AUGUSTA, Georgia — Two shots. That’s all that separated Jason Day from his first Green Jacket at Augusta National. He started two back Sunday. He finished two back Sunday. The experience between, from his roaring birdie-eagle start that electrified the patrons and millions watching around the world to his final putt on No. 18, is certain to aid the 25-year-old Australian in his continued quest for a first career major championship.

After a perfect start at Augusta Sunday – Day went fairway, green, one-putt to move immediately within one shot of the lead heading to the second tee – he saved another highlight for the greenside bunker on No. 2. His ATV wedge in hand, Day took his stance on the upslope of the bunker with only one thought in mind. Make it.

He did, and two holes and six shots into his final round at Augusta, Day moved from two shots back into sole possession of the lead (then -8) at The Masters. Unfamiliar territory, it wasn’t, for Day, who recorded his first career top-5 finish at The Masters just two years ago, in 2011.

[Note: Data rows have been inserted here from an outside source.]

(* Consider the reputation-based proportional-share reverse auction with ex-post payments described in the context, with budget $B>0$ and worker set $U$. Let $i\in U$ be a worker who bids truthfully ($b_i=c_i$), is selected (i.e. $i\in S$), and is honest, meaning that his internal reputation in the current task satisfies $re_i\ge Re_i$. Then his utility is nonnegative: $u_i=p_i-c_i\ge 0$.
   Context: Setting. A task publisher with budget $B>0$ faces a finite set $U$ of workers. Each worker $i\in U$ has a public accumulated reputation $Re_i\in(0,1]$, a private cost $c_i\ge 0$, and submits a sealed bid $b_i\ge 0$. After the task, each selected worker $i$ receives an internal reputation $re_i\in[0,1]$ (a performance score for the current task). Mechanism. (1) Sort the workers so that $\frac{b_1}{Re_1}\le\frac{b_2}{Re_2}\le\dots\le\frac{b_{|U|}}{Re_{|U|}}$ (ties broken arbitrarily). (2) Starting with $S=\emptyset$ and $i=1$, while $i\le |U|$ and $\frac{b_i}{Re_i}\le \frac{B}{Re_i+\sum_{j\in S}Re_j}$, set $S=S\cup\{i\}$ and $i=i+1$. Let $k=|S|$, so $S=\{1,\dots,k\}$ is the set of winners. (3) Define the payment density threshold $\rho^*=\min\left(\frac{b_{k+1}}{Re_{k+1}},\frac{B}{\sum_{j\in S}Re_j}\right)$ (with $\frac{b_{k+1}}{Re_{k+1}}:=+\infty$ if $k=|U|$). (4) Every worker $i\notin S$ is paid $p_i=0$. Every winner $i\in S$ has payment upper bound $p_i^{up}=Re_i\,\rho^*$. (5) After the task, each winner $i\in S$ gets temporary reward $p_i'=\max\left(\frac{B\, re_i}{\sum_{j\in S}re_j},\ \rho^*\, re_i\right)$ and final payment $p_i=\min(p_i^{up},p_i')$. Utility of worker $i$: $u_i=0$ if $i\notin S$ and $u_i=p_i-c_i$ if $i\in S$. *)

theory Defs
  imports Complex_Main
begin

text \<open>The sorting step is an
enumeration sigma :: nat => 'a, a bijection from {..<card U} onto U (0-indexed),
listing workers in nondecreasing order of bid density b/Re (ties arbitrary).\<close>

definition density :: "('a \<Rightarrow> real) \<Rightarrow> ('a \<Rightarrow> real) \<Rightarrow> 'a \<Rightarrow> real" where
  "density b Rp i = b i / Rp i"

definition sorted_enum :: "'a set \<Rightarrow> (nat \<Rightarrow> 'a) \<Rightarrow> ('a \<Rightarrow> real) \<Rightarrow> ('a \<Rightarrow> real) \<Rightarrow> bool" where
  "sorted_enum U \<sigma> b Rp \<longleftrightarrow> bij_betw \<sigma> {..<card U} U \<and>
     (\<forall>i j. i \<le> j \<longrightarrow> j < card U \<longrightarrow> density b Rp (\<sigma> i) \<le> density b Rp (\<sigma> j))"

text \<open>Greedy admission test for the worker at (0-indexed) position i, given that
positions 0..i-1 have been admitted.\<close>
definition admit :: "real \<Rightarrow> (nat \<Rightarrow> 'a) \<Rightarrow> ('a \<Rightarrow> real) \<Rightarrow> ('a \<Rightarrow> real) \<Rightarrow> nat \<Rightarrow> bool" where
  "admit B \<sigma> b Rp i \<longleftrightarrow>
     density b Rp (\<sigma> i) \<le> B / (Rp (\<sigma> i) + (\<Sum>j<i. Rp (\<sigma> j)))"

text \<open>Number k of winners: the while loop stops at the first position failing the test
or at the end of the list.\<close>
definition num_winners :: "'a set \<Rightarrow> real \<Rightarrow> (nat \<Rightarrow> 'a) \<Rightarrow> ('a \<Rightarrow> real) \<Rightarrow> ('a \<Rightarrow> real) \<Rightarrow> nat" where
  "num_winners U B \<sigma> b Rp = (LEAST i. i = card U \<or> \<not> admit B \<sigma> b Rp i)"

definition winners :: "'a set \<Rightarrow> real \<Rightarrow> (nat \<Rightarrow> 'a) \<Rightarrow> ('a \<Rightarrow> real) \<Rightarrow> ('a \<Rightarrow> real) \<Rightarrow> 'a set" where
  "winners U B \<sigma> b Rp = \<sigma> ` {..<num_winners U B \<sigma> b Rp}"

text \<open>Payment density threshold rho*; the (k+1)-th worker (1-indexed) is sigma k.\<close>
definition rho_star :: "'a set \<Rightarrow> real \<Rightarrow> (nat \<Rightarrow> 'a) \<Rightarrow> ('a \<Rightarrow> real) \<Rightarrow> ('a \<Rightarrow> real) \<Rightarrow> real" where
  "rho_star U B \<sigma> b Rp =
     (let k = num_winners U B \<sigma> b Rp;
          S = winners U B \<sigma> b Rp
      in if k = card U then B / (\<Sum>j\<in>S. Rp j)
         else min (density b Rp (\<sigma> k)) (B / (\<Sum>j\<in>S. Rp j)))"

definition pay_up :: "'a set \<Rightarrow> real \<Rightarrow> (nat \<Rightarrow> 'a) \<Rightarrow> ('a \<Rightarrow> real) \<Rightarrow> ('a \<Rightarrow> real) \<Rightarrow> 'a \<Rightarrow> real" where
  "pay_up U B \<sigma> b Rp i = Rp i * rho_star U B \<sigma> b Rp"

definition temp_reward :: "'a set \<Rightarrow> real \<Rightarrow> (nat \<Rightarrow> 'a) \<Rightarrow> ('a \<Rightarrow> real) \<Rightarrow> ('a \<Rightarrow> real) \<Rightarrow> ('a \<Rightarrow> real) \<Rightarrow> 'a \<Rightarrow> real" where
  "temp_reward U B \<sigma> b Rp re i =
     max (B * re i / (\<Sum>j\<in>winners U B \<sigma> b Rp. re j)) (rho_star U B \<sigma> b Rp * re i)"

definition payment :: "'a set \<Rightarrow> real \<Rightarrow> (nat \<Rightarrow> 'a) \<Rightarrow> ('a \<Rightarrow> real) \<Rightarrow> ('a \<Rightarrow> real) \<Rightarrow> ('a \<Rightarrow> real) \<Rightarrow> 'a \<Rightarrow> real" where
  "payment U B \<sigma> b Rp re i =
     (if i \<in> winners U B \<sigma> b Rp
      then min (pay_up U B \<sigma> b Rp i) (temp_reward U B \<sigma> b Rp re i) else 0)"

definition utility :: "'a set \<Rightarrow> real \<Rightarrow> (nat \<Rightarrow> 'a) \<Rightarrow> ('a \<Rightarrow> real) \<Rightarrow> ('a \<Rightarrow> real) \<Rightarrow> ('a \<Rightarrow> real) \<Rightarrow> ('a \<Rightarrow> real) \<Rightarrow> 'a \<Rightarrow> real" where
  "utility U B \<sigma> b Rp re c i =
     (if i \<in> winners U B \<sigma> b Rp then payment U B \<sigma> b Rp re i - c i else 0)"

end

theory Submission
  imports Defs
begin

text \<open>Every winner's bid density is at most the threshold \<open>\<rho>*\<close>: it is bounded by the
density of the first loser (if any) by sortedness, and by \<open>B / \<Sum>\<^sub>S Re\<close> because the
last winner passed the admission test, whose right-hand side is exactly that quantity.
Hence a truthful winner's cost \<open>c\<^sub>i = Re\<^sub>i \<cdot> (c\<^sub>i/Re\<^sub>i)\<close> is at most \<open>Re\<^sub>i \<rho>* = p\<^sub>i\<^sup>u\<^sup>p\<close>, and,
for an honest worker (\<open>re\<^sub>i \<ge> Re\<^sub>i\<close>), also at most \<open>\<rho>* re\<^sub>i \<le> p\<^sub>i'\<close>.\<close>

lemma num_winners_le_card: "num_winners U B \<sigma> b Rp \<le> card U"
  unfolding num_winners_def by (rule Least_le) simp

lemma admit_if_less_num_winners:
  "j < num_winners U B \<sigma> b Rp \<Longrightarrow> admit B \<sigma> b Rp j"
  unfolding num_winners_def using not_less_Least by blast

lemma sum_winners:
  assumes "inj_on \<sigma> {..<card U}"
  shows "(\<Sum>j\<in>winners U B \<sigma> b Rp. f j) = (\<Sum>j<num_winners U B \<sigma> b Rp. f (\<sigma> j))"
proof -
  have "inj_on \<sigma> {..<num_winners U B \<sigma> b Rp}"
    using assms by (rule inj_on_subset) (use num_winners_le_card in auto)
  then show ?thesis unfolding winners_def by (simp add: sum.reindex)
qed

lemma density_last_winner_le:
  assumes "inj_on \<sigma> {..<card U}" and "num_winners U B \<sigma> b Rp = Suc m"
  shows "density b Rp (\<sigma> m) \<le> B / (\<Sum>j\<in>winners U B \<sigma> b Rp. Rp j)"
proof -
  have "admit B \<sigma> b Rp m"
    using assms(2) admit_if_less_num_winners[of m U B \<sigma> b Rp] by simp
  moreover have "(\<Sum>j\<in>winners U B \<sigma> b Rp. Rp j) = Rp (\<sigma> m) + (\<Sum>j<m. Rp (\<sigma> j))"
    using sum_winners[OF assms(1), where f = Rp] assms(2) by (simp add: add.commute)
  ultimately show ?thesis unfolding admit_def by simp
qed

lemma density_winner_le_rho_star:
  assumes "sorted_enum U \<sigma> b Rp" and "i \<in> winners U B \<sigma> b Rp"
  shows "density b Rp i \<le> rho_star U B \<sigma> b Rp"
proof -
  define k where "k = num_winners U B \<sigma> b Rp"
  have inj: "inj_on \<sigma> {..<card U}"
    and sorted: "\<And>a d. a \<le> d \<Longrightarrow> d < card U \<Longrightarrow> density b Rp (\<sigma> a) \<le> density b Rp (\<sigma> d)"
    using assms(1) unfolding sorted_enum_def by (auto dest: bij_betw_imp_inj_on)
  have k_le: "k \<le> card U"
    unfolding k_def by (rule num_winners_le_card)
  obtain m where m: "m < k" "i = \<sigma> m"
    using assms(2) unfolding winners_def k_def by auto
  then obtain l where l: "k = Suc l"
    using less_imp_Suc_add by blast
  have "density b Rp i \<le> density b Rp (\<sigma> l)"
    using sorted m k_le l by simp
  also have "\<dots> \<le> B / (\<Sum>j\<in>winners U B \<sigma> b Rp. Rp j)"
    using density_last_winner_le[OF inj] l unfolding k_def by simp
  finally have budget: "density b Rp i \<le> B / (\<Sum>j\<in>winners U B \<sigma> b Rp. Rp j)" .
  show ?thesis
  proof (cases "k = card U")
    case True
    then show ?thesis using budget unfolding rho_star_def k_def[symmetric] Let_def by simp
  next
    case False
    then have "density b Rp i \<le> density b Rp (\<sigma> k)"
      using sorted m k_le by simp
    then show ?thesis using False budget unfolding rho_star_def k_def[symmetric] Let_def by simp
  qed
qed

lemma bid_le_payment:
  assumes "density b Rp i \<le> rho_star U B \<sigma> b Rp" and "i \<in> winners U B \<sigma> b Rp"
    and "Rp i > 0" and "b i \<ge> 0" and "Rp i \<le> re i"
  shows "b i \<le> payment U B \<sigma> b Rp re i"
proof -
  let ?\<rho> = "rho_star U B \<sigma> b Rp"
  have bid_le_up: "b i \<le> Rp i * ?\<rho>"
    using assms(1,3) unfolding density_def by (simp add: field_simps)
  have "?\<rho> \<ge> 0"
    using assms(1,3,4) unfolding density_def by (meson divide_nonneg_pos order_trans)
  then have "Rp i * ?\<rho> \<le> ?\<rho> * re i"
    using assms(5) by (simp add: mult.commute mult_right_mono)
  then show ?thesis using bid_le_up assms(2)
    unfolding payment_def pay_up_def temp_reward_def by (simp add: le_max_iff_disj)
qed

theorem theorem1:
  fixes U :: "'a set" and B :: real and \<sigma> :: "nat \<Rightarrow> 'a"
    and b c Rp re :: "'a \<Rightarrow> real" and i :: 'a
  assumes "finite U"
    and "B > 0"
    and "\<forall>j\<in>U. 0 < Rp j \<and> Rp j \<le> 1"
    and "\<forall>j\<in>U. c j \<ge> 0"
    and "\<forall>j\<in>U. b j \<ge> 0"
    and "\<forall>j\<in>U. 0 \<le> re j \<and> re j \<le> 1"
    and "sorted_enum U \<sigma> b Rp"
    and "i \<in> U"
    and "b i = c i"
    and "i \<in> winners U B \<sigma> b Rp"
    and "re i \<ge> Rp i"
  shows "utility U B \<sigma> b Rp re c i \<ge> 0"
proof -
  have "density b Rp i \<le> rho_star U B \<sigma> b Rp"
    using assms(7,10) by (rule density_winner_le_rho_star)
  moreover have "Rp i > 0" and "b i \<ge> 0"
    using assms(3,5,8) by auto
  ultimately have "c i \<le> payment U B \<sigma> b Rp re i"
    using bid_le_payment assms(9,10,11) by metis
  then show ?thesis
    unfolding utility_def by simp
qed

end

Bogies at No. 6 and No. 9 brought Day, one of four players in the field bidding to become the first Australian to win The Masters, back to six-under and needing to make red numbers to fight back into contention on Sunday. He steadied through the gates of Amen Corner, parring 10, 11 and 12 before another brilliant bunker shot on No. 13 sparked the first of three birdies in a row Day rolled in with his Ghost Spider S putter.

He led again standing on the 16th tee, just three holes to play at Augusta, but faltered in making back-to-back bogies on No. 16 and 17, needing to make a mid-range birdie on the 18th green to have a shot at a potential playoff with two other competitors. Day hit one more fantastic putt, edging inches by the cup before tapping in for his final-round 71, good for third place.

In spite of his disappointing finish, Day walked off the 18th green smiling before greeting his wife, Ellie, and son, Dash, waiting for him as he prepared to make his way to the scorer’s table. And although Sunday didn’t in fact prove to be Jason’s day, he said he plans to carry the experience and optimism away from another fantastic finish at Augusta.

“It’s obviously an honor to come this week and play and play against the best players in the world and obviously have a shot at winning my first Major and being the first Australian to win the Masters,” Day said in his press conference Sunday night. “It’s a little disappointing, but there’s a lot of experience that I can take into next year and hopefully I can wear one of those green jackets soon.”